*** MATERIAL PROVIDED Section Begins ***

(* Let $(X,d)$ be a complete metric space and let $T\colon X\to X$ be a mapping satisfying: (i) for every $\varepsilon>0$ there exists $\delta>0$ such that for all $x,y\in X$, $\frac{1}{2}\{d(x,Ty)+d(y,Tx)\}<\varepsilon+\delta$ implies $d(Tx,Ty)\le\varepsilon$; (ii) for all $x,y\in X$, $x\neq y$ implies $d(Tx,Ty)<\frac{1}{2}\{d(x,Ty)+d(y,Tx)\}$. Then $T$ has a unique fixed point. *)

theory Defs
  imports "HOL-Analysis.Analysis"
begin

end

theory Submission
  imports Defs
begin

text \<open>
  Condition (ii) applied to consecutive points of an orbit \<open>x\<^sub>n = T\<^sup>n x\<^sub>0\<close> and the triangle
  inequality show that the step lengths \<open>d(x\<^sub>n, x\<^sub>n\<^sub>+\<^sub>1)\<close> decrease; condition (i) forces their
  limit to be \<open>0\<close> and, applied to \<open>x\<^sub>N\<close> and \<open>x\<^sub>m\<close>, traps the tail of the orbit in a small
  ball around \<open>x\<^sub>N\<close>. Hence the orbit is Cauchy, and (ii) again shows that its limit is
  fixed and that a fixed point is unique.
\<close>

locale chatterjea_contractive =
  fixes T :: "'a::metric_space \<Rightarrow> 'a"
  assumes contractive: "\<And>x y. x \<noteq> y \<Longrightarrow> dist (T x) (T y) < (dist x (T y) + dist y (T x)) / 2"
begin

lemma fixed_point_unique:
  assumes "T x = x" and "T y = y"
  shows "x = y"
  using contractive[of x y] assms by (auto simp: dist_commute)

lemma dist_step_less:
  assumes "x \<noteq> T x"
  shows "dist (T x) (T (T x)) < dist x (T x)"
proof -
  have "dist (T x) (T (T x)) < (dist x (T (T x)) + dist (T x) (T x)) / 2"
    using contractive[OF assms] .
  also have "\<dots> \<le> (dist x (T x) + dist (T x) (T (T x))) / 2"
    using dist_triangle[of x "T (T x)" "T x"] by simp
  finally show ?thesis by simp
qed

lemma dist_step_le: "dist (T x) (T (T x)) \<le> dist x (T x)"
  by (cases "x = T x") (simp_all add: dist_step_less less_imp_le)

lemma orbit_limit_fixed:
  assumes lim: "(\<lambda>n. (T ^^ n) x) \<longlonglongrightarrow> z"
  shows "T z = z"
proof -
  have lim_Suc: "(\<lambda>n. T ((T ^^ n) x)) \<longlonglongrightarrow> z"
    using LIMSEQ_Suc[OF lim] by simp
  have "dist (T y) (T z) \<le> (dist y (T z) + dist z (T y)) / 2" for y
    using contractive[of y z] by (cases "y = z") auto
  moreover have "(\<lambda>n. dist (T ((T ^^ n) x)) (T z)) \<longlonglongrightarrow> dist z (T z)"
    by (intro tendsto_intros lim_Suc)
  moreover have "(\<lambda>n. (dist ((T ^^ n) x) (T z) + dist z (T ((T ^^ n) x))) / 2)
      \<longlonglongrightarrow> (dist z (T z) + dist z z) / 2"
    by (intro tendsto_intros lim lim_Suc) simp
  ultimately have "dist z (T z) \<le> (dist z (T z) + dist z z) / 2"
    by (intro LIMSEQ_le) auto
  then show ?thesis by simp
qed

end

lemma orbit_stays_close:
  fixes T :: "'a::metric_space \<Rightarrow> 'a"
  assumes close: "\<And>x y. (dist x (T y) + dist y (T x)) / 2 < \<epsilon> + \<delta> \<Longrightarrow> dist (T x) (T y) \<le> \<epsilon>"
    and small_steps: "\<And>n. n \<ge> N \<Longrightarrow> dist ((T ^^ n) x) ((T ^^ Suc n) x) < \<eta> / 2"
    and "0 \<le> \<epsilon>" and "\<eta> \<le> \<delta>"
  shows "dist ((T ^^ N) x) ((T ^^ (N + k)) x) \<le> \<epsilon> + \<eta> / 2"
proof (induction k)
  case 0
  have "0 < \<eta>"
    using small_steps[of N] zero_le_dist[of "(T ^^ N) x" "(T ^^ Suc N) x"] by linarith
  then show ?case using \<open>0 \<le> \<epsilon>\<close> by simp
next
  case (Suc k)
  define y z where "y = (T ^^ N) x" and "z = (T ^^ (N + k)) x"
  have yz: "dist y z \<le> \<epsilon> + \<eta> / 2" using Suc.IH by (simp add: y_def z_def)
  have step_y: "dist y (T y) < \<eta> / 2" and step_z: "dist z (T z) < \<eta> / 2"
    using small_steps[of N] small_steps[of "N + k"] by (simp_all add: y_def z_def)
  have "dist y (T z) \<le> dist y z + dist z (T z)" and "dist z (T y) \<le> dist y z + dist y (T y)"
    using dist_triangle[of y "T z" z] dist_triangle[of z "T y" y] by (simp_all add: dist_commute)
  then have "(dist y (T z) + dist z (T y)) / 2 < \<epsilon> + \<delta>"
    using yz step_y step_z \<open>\<eta> \<le> \<delta>\<close> by simp
  then have "dist (T y) (T z) \<le> \<epsilon>" by (rule close)
  moreover have "dist y (T z) \<le> dist y (T y) + dist (T y) (T z)" by (rule dist_triangle)
  ultimately have "dist y (T z) \<le> \<epsilon> + \<eta> / 2" using step_y by simp
  then show ?case by (simp add: y_def z_def)
qed

locale chatterjea_meir_keeler = chatterjea_contractive +
  assumes meir_keeler: "\<And>\<epsilon>. \<epsilon> > 0 \<Longrightarrow> \<exists>\<delta>>0. \<forall>x y.
              (dist x (T y) + dist y (T x)) / 2 < \<epsilon> + \<delta> \<longrightarrow> dist (T x) (T y) \<le> \<epsilon>"
begin

lemma orbit_steps_tendsto_0: "(\<lambda>n. dist ((T ^^ n) x) ((T ^^ Suc n) x)) \<longlonglongrightarrow> 0"
proof -
  define a where "a n = dist ((T ^^ n) x) ((T ^^ Suc n) x)" for n
  have a_Suc: "a (Suc n) \<le> a n" for n
    using dist_step_le[of "(T ^^ n) x"] by (simp add: a_def)
  obtain r where lim: "a \<longlonglongrightarrow> r" and r_le: "\<And>n. r \<le> a n"
    using decseq_convergent[of a 0] a_Suc by (auto simp: decseq_SucI a_def)
  have "r = 0"
  proof (rule ccontr)
    assume "r \<noteq> 0"
    moreover have "r \<ge> 0" using LIMSEQ_le_const[OF lim, of 0] by (simp add: a_def)
    ultimately have "r > 0" by simp
    then obtain \<delta> where "\<delta> > 0" and close: "\<And>x y.
        (dist x (T y) + dist y (T x)) / 2 < r + \<delta> \<Longrightarrow> dist (T x) (T y) \<le> r"
      using meir_keeler by blast
    obtain n where "a n < r + \<delta>"
      using order_tendstoD(2)[OF lim, of "r + \<delta>"] \<open>\<delta> > 0\<close> eventually_sequentially by auto
    define y where "y = (T ^^ n) x"
    have "(dist y (T (T y)) + dist (T y) (T y)) / 2 \<le> (a n + a (Suc n)) / 2"
      using dist_triangle[of y "T (T y)" "T y"] by (simp add: a_def y_def)
    also have "\<dots> < r + \<delta>" using \<open>a n < r + \<delta>\<close> a_Suc[of n] by simp
    finally have "a (Suc n) = r"
      using close[of y "T y"] r_le[of "Suc n"] by (simp add: a_def y_def)
    then have "T y \<noteq> T (T y)" using \<open>r > 0\<close> by (auto simp: a_def y_def)
    from dist_step_less[OF this] have "a (Suc (Suc n)) < a (Suc n)" by (simp add: a_def y_def)
    with \<open>a (Suc n) = r\<close> r_le[of "Suc (Suc n)"] show False by simp
  qed
  with lim show ?thesis by (simp add: a_def[abs_def])
qed

lemma orbit_Cauchy: "Cauchy (\<lambda>n. (T ^^ n) x)"
proof (rule metric_CauchyI)
  fix e :: real
  assume "e > 0"
  define \<epsilon> where "\<epsilon> = e / 4"
  have "\<epsilon> > 0" using \<open>e > 0\<close> by (simp add: \<epsilon>_def)
  then obtain \<delta> where "\<delta> > 0" and close: "\<And>x y.
      (dist x (T y) + dist y (T x)) / 2 < \<epsilon> + \<delta> \<Longrightarrow> dist (T x) (T y) \<le> \<epsilon>"
    using meir_keeler by blast
  define \<eta> where "\<eta> = min \<delta> \<epsilon>"
  have "\<eta> > 0" using \<open>\<delta> > 0\<close> \<open>\<epsilon> > 0\<close> by (simp add: \<eta>_def)
  then obtain N where small_steps: "\<And>n. n \<ge> N \<Longrightarrow> dist ((T ^^ n) x) ((T ^^ Suc n) x) < \<eta> / 2"
    using order_tendstoD(2)[OF orbit_steps_tendsto_0, of "\<eta> / 2" x]
    by (auto simp: eventually_sequentially)
  have near: "dist ((T ^^ N) x) ((T ^^ m) x) \<le> \<epsilon> + \<eta> / 2" if "m \<ge> N" for m
    using orbit_stays_close[of T \<epsilon> \<delta> N x \<eta> "m - N"] close small_steps \<open>\<epsilon> > 0\<close> that
    by (simp add: \<eta>_def)
  have "dist ((T ^^ m) x) ((T ^^ n) x) < e" if "m \<ge> N" "n \<ge> N" for m n
  proof -
    have "dist ((T ^^ m) x) ((T ^^ n) x) \<le> 2 * (\<epsilon> + \<eta> / 2)"
      using dist_triangle3[of "(T ^^ m) x" "(T ^^ n) x" "(T ^^ N) x"] near[OF \<open>m \<ge> N\<close>]
        near[OF \<open>n \<ge> N\<close>] by simp
    also have "\<dots> < e" using \<open>e > 0\<close> by (simp add: \<eta>_def \<epsilon>_def)
    finally show ?thesis .
  qed
  then show "\<exists>M. \<forall>m\<ge>M. \<forall>n\<ge>M. dist ((T ^^ m) x) ((T ^^ n) x) < e" by blast
qed

end

theorem theorem4p1:
  fixes T :: "'a::complete_space \<Rightarrow> 'a"
  assumes i: "\<And>\<epsilon>. \<epsilon> > 0 \<Longrightarrow> \<exists>\<delta>>0. \<forall>x y.
              (dist x (T y) + dist y (T x)) / 2 < \<epsilon> + \<delta> \<longrightarrow> dist (T x) (T y) \<le> \<epsilon>"
      and ii: "\<And>x y. x \<noteq> y \<Longrightarrow> dist (T x) (T y) < (dist x (T y) + dist y (T x)) / 2"
  shows "\<exists>!x. T x = x"
proof -
  interpret chatterjea_meir_keeler T
    using i ii by unfold_locales
  obtain z where "(\<lambda>n. (T ^^ n) undefined) \<longlonglongrightarrow> z"
    using orbit_Cauchy Cauchy_convergent convergent_def by blast
  then have "T z = z" by (rule orbit_limit_fixed)
  then show ?thesis using fixed_point_unique by blast
qed

end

*** MATERIAL PROVIDED Section Ends ***

WORK ITEM:
Return each line of the data that contains the string "rule".

RESULT:
  then have "dist (T y) (T z) \<le> \<epsilon>" by (rule close)
  moreover have "dist y (T z) \<le> dist y (T y) + dist (T y) (T z)" by (rule dist_triangle)
  proof (rule ccontr)
proof (rule metric_CauchyI)
  then have "T z = z" by (rule orbit_limit_fixed)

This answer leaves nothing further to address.